# Exercise directions
Reproduce exactly the lines from the one containing "using spectral_unif_if_card_eq[OF assms]" through the last line of the data, both ends included.

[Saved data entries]
......
lemma extend_hist_not_Nil: "extend_hist adj \<sigma> h r \<noteq> []"
  by (simp add: extend_hist_def)

lemma run_snoc: "run adj \<sigma> h (rs @ [r]) = extend_hist adj \<sigma> (run adj \<sigma> h rs) r"
  by (induction rs arbitrary: h) auto

lemma hist_eq_run: "hist adj \<sigma> c0 \<omega> n = run adj \<sigma> [c0] (coin_prefix \<omega> n)"
  by (induction n) (simp_all add: coin_prefix_def run_snoc extend_hist_def Let_def)

lemma last_run_stable: "stable adj (last h) \<Longrightarrow> last (run adj \<sigma> h rs) = last h"
  by (induction rs arbitrary: h) (simp_all add: extend_hist_def)

lemma finite_unstable_runs: "finite (unstable_runs adj \<sigma> k (h :: 'v::finite cfg list))"
proof -
  have "finite {rs :: ('v \<Rightarrow> bool) list. set rs \<subseteq> UNIV \<and> length rs = k}"
    by (rule finite_lists_length_eq) simp
  then show ?thesis unfolding unstable_runs_def by (rule finite_subset[rotated]) auto
qed

lemma unstable_runs_0: "unstable_runs adj \<sigma> 0 h = (if stable adj (last h) then {} else {[]})"
  by (auto simp: unstable_runs_def)

lemma unstable_runs_of_stable: "stable adj (last h) \<Longrightarrow> unstable_runs adj \<sigma> k h = {}"
  by (simp add: unstable_runs_def last_run_stable)
theorem corollary1p5:
  fixes p :: nat and F :: "(int \<Rightarrow> nat) set"
  assumes "prime p" and "finite F" and "F \<noteq> {}" and "F \<subseteq> Qp p"
  shows "spectral_unif p F \<longleftrightarrow> card F = p ^ card (admissible_orders p F)"
  using spectral_unif_if_card_eq[OF assms] card_eq_if_spectral_unif[OF assms]
  unfolding admissible_orders_eq_first_diffs[OF assms(1,4)] by blast

end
......
# Answer box
  using spectral_unif_if_card_eq[OF assms] card_eq_if_spectral_unif[OF assms]
  unfolding admissible_orders_eq_first_diffs[OF assms(1,4)] by blast

end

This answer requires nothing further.